The Congressional Medal of Honor has been awarded to one, and only one, Yonkers resident, Colonel William Laing Heermance.
Born in Kinderhook, New York, on February 23, 1837, William Heermance moved to Long Island as a youth, where he lived while employed in a New York City mercantile concern.
Shortly after the beginning of the Civil War, and at his own expense, he raised a company of volunteers to fight in defense of the Union. Not thinking himself competent, though, to lead his company into battle, he enlisted instead as a private in the 9th New York Militia, a unit which was mustered into service with the Union army as the 83rd New York Volunteers.
As it happened, though, Heermance saw most of his three years’ service in the Civil War with the 6th New York Cavalry. He took part in every major battle in which the Army of the Potomac found itself engaged, including the defense of Cemetery Ridge at Gettysburg. He was wounded three times and was held briefly as a prisoner of war in Libby Prison in Richmond. Commissioned a First Lieutenant and later a Captain in 1861, he held the rank of Lieutenant Colonel at the time of his discharge (he was invalided out) in November 1864.
William Heermance’s encounter with the enemy on April 30, 1863, when he was left for dead on the field and then taken prisoner, is perhaps the most dramatic of all the incidents that befell him during his time in uniform.
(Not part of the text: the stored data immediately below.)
(* Let $T=(V_T,E_T)$ be a finite tree, $r\in V_T$, and $Q\subseteq V_T$ non-empty. Root $T$ at $r$, let $V_Q$ be the set of nodes whose subtree contains a node of $Q$, $T_Q$ the subtree induced by $V_Q$, $A_Q=\{u\in V_Q:\deg_{T_Q}(u)\ge 3\}$ and $Q'=Q\cup A_Q$. Let $Z=(V_Z,E_Z)$ be a connected subgraph of $T$ with $Q'\cap V_Z\ne\emptyset$. Then $Z$ has one or two $(Q'\cap V_Z)$-centroids.
   Context: For a tree $Z$ and a set $Q\subseteq V_Z$, a node $u\in Q$ is a $Q$-centroid of $Z$ if every connected component of $Z-u$ contains at most $|Q|/2$ nodes of $Q$. *)

theory Defs
  imports Complex_Main
begin

definition ugraph :: "'a set \<Rightarrow> 'a set set \<Rightarrow> bool" where
  "ugraph V E \<longleftrightarrow> finite V \<and>
     (\<forall>e\<in>E. \<exists>u v. e = {u, v} \<and> u \<noteq> v \<and> u \<in> V \<and> v \<in> V)"

definition walk :: "'a set \<Rightarrow> 'a set set \<Rightarrow> 'a list \<Rightarrow> bool" where
  "walk V E xs \<longleftrightarrow> xs \<noteq> [] \<and> set xs \<subseteq> V \<and>
     (\<forall>i. Suc i < length xs \<longrightarrow> {xs ! i, xs ! Suc i} \<in> E)"

definition is_path :: "'a set \<Rightarrow> 'a set set \<Rightarrow> 'a \<Rightarrow> 'a \<Rightarrow> 'a list \<Rightarrow> bool" where
  "is_path V E u v xs \<longleftrightarrow> walk V E xs \<and> distinct xs \<and> hd xs = u \<and> last xs = v"
lemma hook_KN_Compl_symmetric:
  assumes "finite L" "0 \<notin> L" "Max L = 2 * c" "c \<notin> L"
    and reflect: "\<And>x. x \<le> 2 * c \<Longrightarrow> x \<noteq> c \<Longrightarrow> x \<in> L \<longleftrightarrow> 2 * c - x \<notin> L"
  shows "i < rank (- L) c \<Longrightarrow> hook (KN (- L)) (i + 1) 1 = hook (KN (- L)) 1 (i + 1)"
    and "rank (- L) c < i \<Longrightarrow> i < rank (- L) (2 * c) \<Longrightarrow> hook (KN (- L)) 1 (i + 1) = hook (KN (- L)) i 1"
proof -
  assume "i < rank (- L) c"
  then obtain s where s: "s \<in> - L" "s < c" "rank (- L) s = i"
    by (rule rank_surj_below)
  then have "{x \<in> - L. x \<le> s} - {c} = {x \<in> - L. x \<le> s}"
    by auto
  then have "card ({x \<in> - L. x \<le> s} - {c}) = i + 1"
    using card_atMost_eq_Suc_rank[of s "- L"] s by simp
  then show "hook (KN (- L)) (i + 1) 1 = hook (KN (- L)) 1 (i + 1)"
    using hook_KN_Compl_reflect[OF assms, of s] s by simp
next
  assume "rank (- L) c < i" "i < rank (- L) (2 * c)"
  obtain s where s: "s \<in> - L" "s < 2 * c" "rank (- L) s = i"
    using \<open>i < rank (- L) (2 * c)\<close> by (rule rank_surj_below)
  then have "c < s"
    using rank_less_rank_iff[of c "- L" s] assms(4) \<open>rank (- L) c < i\<close> by simp
  moreover have "finite {x \<in> - L. x \<le> s}"
    by (rule finite_subset[of _ "{..s}"]) auto
  ultimately have "card ({x \<in> - L. x \<le> s} - {c}) = i"
    using card_atMost_eq_Suc_rank[of s "- L"] s assms(4) by simp
  then show "hook (KN (- L)) 1 (i + 1) = hook (KN (- L)) i 1"
    using hook_KN_Compl_reflect[OF assms, of s] s \<open>c < s\<close> by simp
qed

section \<open>Unrefinable partitions with half of the parts missing\<close>

lemma double_Sum_atLeast1_atMost: "2 * \<Sum>{1..m} = m * (m + 1 :: nat)"
  using double_gauss_sum_from_Suc_0[of m, where 'a = nat] by simp

lemma double_tri: "2 * tri n = n * (n + 1)"
  unfolding tri_def by simp

lemma finite_unrefinable_set: "finite (unrefinable_set N)"
proof (rule finite_subset)
  show "unrefinable_set N \<subseteq> Pow {..N}"
  proof
    fix P
    assume "P \<in> unrefinable_set N"
    then have "finite P" "\<Sum>P = N"
      unfolding unrefinable_set_def distinct_partition_def by auto
    then show "P \<in> Pow {..N}"
      using member_le_sum[of _ P id] by auto
  qed
qed simp

lemma unrefinable_set_tri_witness:
  assumes "6 \<le> n"
  shows "{1..n - 3} \<union> {n + 1, 2 * n - 4} \<in> unrefinable_set (tri n)"
    and "Max ({1..n - 3} \<union> {n + 1, 2 * n - 4}) = 2 * n - 4"
proof -
  define P where "P = {1..n - 3} \<union> {n + 1, 2 * n - 4}"
  obtain q where q: "n = q + 6"
    using assms by (metis add.commute le_add_diff_inverse)
  have "finite P" "0 \<notin> P"
    unfolding P_def q by auto
  have "card {n + 1, 2 * n - 4} = 2" "{n + 1, 2 * n - 4} \<subseteq> P"
    unfolding P_def q by auto
  then have "2 \<le> card P"
    using card_mono[OF \<open>finite P\<close>] by metis
  have "\<Sum>P = \<Sum>{1..q + 3} + ((q + 7) + (2 * q + 8))"
    unfolding P_def q by (subst sum.union_disjoint) (auto simp: add.commute)
  then have "2 * \<Sum>P = 2 * tri n"
    using double_Sum_atLeast1_atMost[of "q + 3"] double_tri[of n] unfolding q by (simp add: algebra_simps)
  then have "\<Sum>P = tri n"
    by simp
  show Max_P: "Max P = 2 * n - 4"
    unfolding P_def q by (rule Max_eqI) auto
  have "\<not> refinable P"
  proof
    assume "refinable P"
    then obtain a b where "a \<in> missing_parts P" "b \<in> missing_parts P" "a \<noteq> b" "a + b \<in> P"
      unfolding refinable_def by blast
    moreover have "a + b \<le> 2 * n - 4"
      using Max_ge[OF \<open>finite P\<close> \<open>a + b \<in> P\<close>] Max_P by simp
    ultimately show False
      unfolding missing_parts_def P_def q by auto
  qed
  show "P \<in> unrefinable_set (tri n)"
    unfolding unrefinable_set_def distinct_partition_def
    using \<open>finite P\<close> \<open>0 \<notin> P\<close> \<open>2 \<le> card P\<close> \<open>\<Sum>P = tri n\<close> \<open>\<not> refinable P\<close> by simp
qed

lemma Max_maximal_unrefinable_tri_ge:
  assumes "6 \<le> n" "L \<in> maximal_unrefinable (tri n)"
  shows "2 * n - 4 \<le> Max L"
proof -
  have "2 * n - 4 \<in> Max ` unrefinable_set (tri n)"
    using unrefinable_set_tri_witness[OF assms(1)] by (metis imageI)
  then show ?thesis
    using assms(2) Max_ge[OF finite_imageI[OF finite_unrefinable_set]]
    unfolding maximal_unrefinable_def by auto
qed

lemma card_missing_parts:
  assumes "finite L" "0 \<notin> L" "L \<noteq> {}"
  shows "card (missing_parts L) + card L = Max L"
proof -
  have "L \<subseteq> {1..Max L}"
    using Max_ge[OF assms(1)] assms(2) by (auto simp: Suc_le_eq intro: gr0I)
  then show ?thesis
    using card_Diff_subset[OF assms(1)] card_mono[of "{1..Max L}" L] unfolding missing_parts_def by simp
qed

context
  fixes L :: "nat set"
  assumes finite_L: "finite L" and zero_notin_L: "0 \<notin> L" and L_ne: "L \<noteq> {}"
    and unrefinable_L: "\<not> refinable L"
    and half_missing: "card (missing_parts L) = Max L div 2"
begin

lemma unrefinable_half_missing_bij:
  "bij_betw (\<lambda>x. if x \<in> L then x else Max L - x) {1..(Max L - 1) div 2} (L - {Max L})"
proof -
  define m where "m = Max L"
  define h where "h x = (if x \<in> L then x else m - x)" for x
  have "m \<in> L"
    unfolding m_def using finite_L L_ne by (rule Max_in)
  have "h x \<in> L - {m}" if "x \<in> {1..(m - 1) div 2}" for x
  proof (cases "x \<in> L")
    case False
    have "m - x \<in> L"
    proof (rule ccontr)
      assume "m - x \<notin> L"
      then have "x \<in> missing_parts L" "m - x \<in> missing_parts L" "x \<noteq> m - x"
        using False that unfolding missing_parts_def m_def[symmetric] by auto
      then show False
        using unrefinable_L \<open>m \<in> L\<close> that unfolding refinable_def by fastforce
    qed
    then show ?thesis
      using False that unfolding h_def by auto
  qed (use that in \<open>auto simp: h_def\<close>)
  then have "h ` {1..(m - 1) div 2} \<subseteq> L - {m}"
    by blast
  moreover have inj: "inj_on h {1..(m - 1) div 2}"
    by (rule inj_onI) (auto simp: h_def split: if_splits)
  moreover have "card (L - {m}) = m - m div 2 - 1"
    using card_missing_parts[OF finite_L zero_notin_L L_ne] half_missing card_Diff_singleton[OF \<open>m \<in> L\<close>]
    unfolding m_def by simp
  then have "card (h ` {1..(m - 1) div 2}) = card (L - {m})"
    using card_image[OF inj] by (simp; presburger)
  ultimately have "h ` {1..(m - 1) div 2} = L - {m}"
    using finite_L by (intro card_subset_eq) auto
  with inj show ?thesis
    unfolding bij_betw_def h_def[abs_def] m_def by simp
qed

lemma unrefinable_half_missing_part_cases:
  assumes "g \<in> L" "g \<noteq> Max L"
  obtains y where "0 < y" "2 * y < Max L" "y \<in> L" "g = y"
    | y where "0 < y" "2 * y < Max L" "y \<notin> L" "g = Max L - y"
proof -
  obtain y where y: "y \<in> {1..(Max L - 1) div 2}" "g = (if y \<in> L then y else Max L - y)"
    using unrefinable_half_missing_bij assms unfolding bij_betw_def by blast
  moreover have "0 < y" "2 * y < Max L"
    using y(1) unfolding atLeastAtMost_iff by presburger+
  ultimately show thesis
    using that by (cases "y \<in> L") auto
qed
(* Let $\eta^0_1,\dots,\eta^0_{k_0}$ be distinct skew-normal parameters $\eta_i^0=(\theta_i^0,v_i^0,m_i^0)$ with $v_i^0>0$, satisfying $P_1(\eta^0)\neq0$ and $P_2(\eta^0)\ne0$. Then for every $r\ge1$ the functions $$\Big\{\frac{\partial^{|\kappa|}f}{\partial\theta^{\kappa_1}\partial v^{\kappa_2}\partial m^{\kappa_3}}(\cdot|\eta_i^0):\ \kappa\in\mathcal F_r,\ i=1,\dots,k_0\Big\}$$ are linearly independent.
   Context: Skew-normal kernel: $f(x|\theta,v,m)=\frac{2}{\sigma}\varphi\!\left(\frac{x-\theta}{\sigma}\right)\Phi\!\left(\frac{m(x-\theta)}{\sigma}\right)$, $\sigma=\sqrt v$. $P_1(\eta)=\prod_{j=1}^{k_0}m_j$, $P_2(\eta)=\prod_{1\le i\ne j\le k_0}\{(\theta_i-\theta_j)^2+[v_i(1+m_j^2)-v_j(1+m_i^2)]^2\}$. $\mathcal F_r=\{\kappa\in\mathbb{Z}_{\ge0}^3:\kappa_1\le1,\kappa_3=0,|\kappa|\le r\}\cup\{\kappa:\kappa_1\le1,\kappa_2=0,\kappa_3\ge1,|\kappa|\le r\}$ (so it contains $(0,0,0)$, giving $f$ itself). *)

theory Defs
  imports "HOL-Probability.Probability"
begin

definition std_phi :: "real \<Rightarrow> real" where
  "std_phi z = exp (- z\<^sup>2 / 2) / sqrt (2 * pi)"

definition std_Phi :: "real \<Rightarrow> real" where
  "std_Phi z = (LBINT t:{..z}. std_phi t)"

definition skewn :: "real \<Rightarrow> real \<Rightarrow> real \<Rightarrow> real \<Rightarrow> real" where
  "skewn x \<theta> v m = 2 / sqrt v * std_phi ((x - \<theta>) / sqrt v) * std_Phi (m * (x - \<theta>) / sqrt v)"

definition d_theta :: "(real \<Rightarrow> real \<Rightarrow> real \<Rightarrow> real) \<Rightarrow> real \<Rightarrow> real \<Rightarrow> real \<Rightarrow> real" where
  "d_theta g = (\<lambda>\<theta> v m. deriv (\<lambda>t. g t v m) \<theta>)"

definition d_v :: "(real \<Rightarrow> real \<Rightarrow> real \<Rightarrow> real) \<Rightarrow> real \<Rightarrow> real \<Rightarrow> real \<Rightarrow> real" where
  "d_v g = (\<lambda>\<theta> v m. deriv (\<lambda>t. g \<theta> t m) v)"

definition d_m :: "(real \<Rightarrow> real \<Rightarrow> real \<Rightarrow> real) \<Rightarrow> real \<Rightarrow> real \<Rightarrow> real \<Rightarrow> real" where
  "d_m g = (\<lambda>\<theta> v m. deriv (\<lambda>t. g \<theta> v t) m)"

definition skewn_deriv :: "nat \<times> nat \<times> nat \<Rightarrow> real \<Rightarrow> real \<Rightarrow> real \<Rightarrow> real \<Rightarrow> real" where
  "skewn_deriv \<kappa> x \<theta> v m =
     (case \<kappa> of (a, b, c) \<Rightarrow> (d_m ^^ c) ((d_v ^^ b) ((d_theta ^^ a) (skewn x))) \<theta> v m)"

definition F_set :: "nat \<Rightarrow> (nat \<times> nat \<times> nat) set" where
  "F_set r = {(a, b, c). a \<le> 1 \<and> c = 0 \<and> a + b + c \<le> r}
           \<union> {(a, b, c). a \<le> 1 \<and> b = 0 \<and> c \<ge> 1 \<and> a + b + c \<le> r}"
It was at Spotsylvania in Virginia on that day that the 6th New York Cavalry found itself surrounded by Confederate cavalry. The order was given to the men to cut their way out. Heermance drew his sword and brought it down upon Captain Benjamin F. Medina of the 5th Virginia Cavalry, almost cutting off Medina’s nose. A moment later Heermance was shot by another soldier and fell from his horse.
After the war, William Heermance took up residence in Yonkers, where he lived for the rest of his life. In 1881 and 1882 he served as police commissioner. In 1895 he was president of the Yonkers Historical and Library Association. He was also first vice-president of the New York Mercantile Exchange and active in the Holland Society. (The Heermance family was one of the oldest Dutch families in New York State.)
William Heermance died at his Yonkers home on February 25, 1903. His funeral took place on February 28 in the First Presbyterian Church on North Broadway, where he’d been a congregant for many years. After the funeral his body was conveyed to Oakland Cemetery for burial. Members of the Kitching Post of the Grand Army of the Republic fired a volley of three shots over Col. Heermance’s last resting place.
Present at the funeral, as reported by the Yonkers Statesman, was a man, by this time a Yonkers resident, with whom William Heermance had become friendly after the war: “Benjamin F. Medina, formerly of the Confederate Army—who engaged in an impromptu duel with Colonel Heermance with cavalry swords at Spotsylvania, in which both were wounded and in which the Colonel was taken prisoner—was among those present at the funeral.”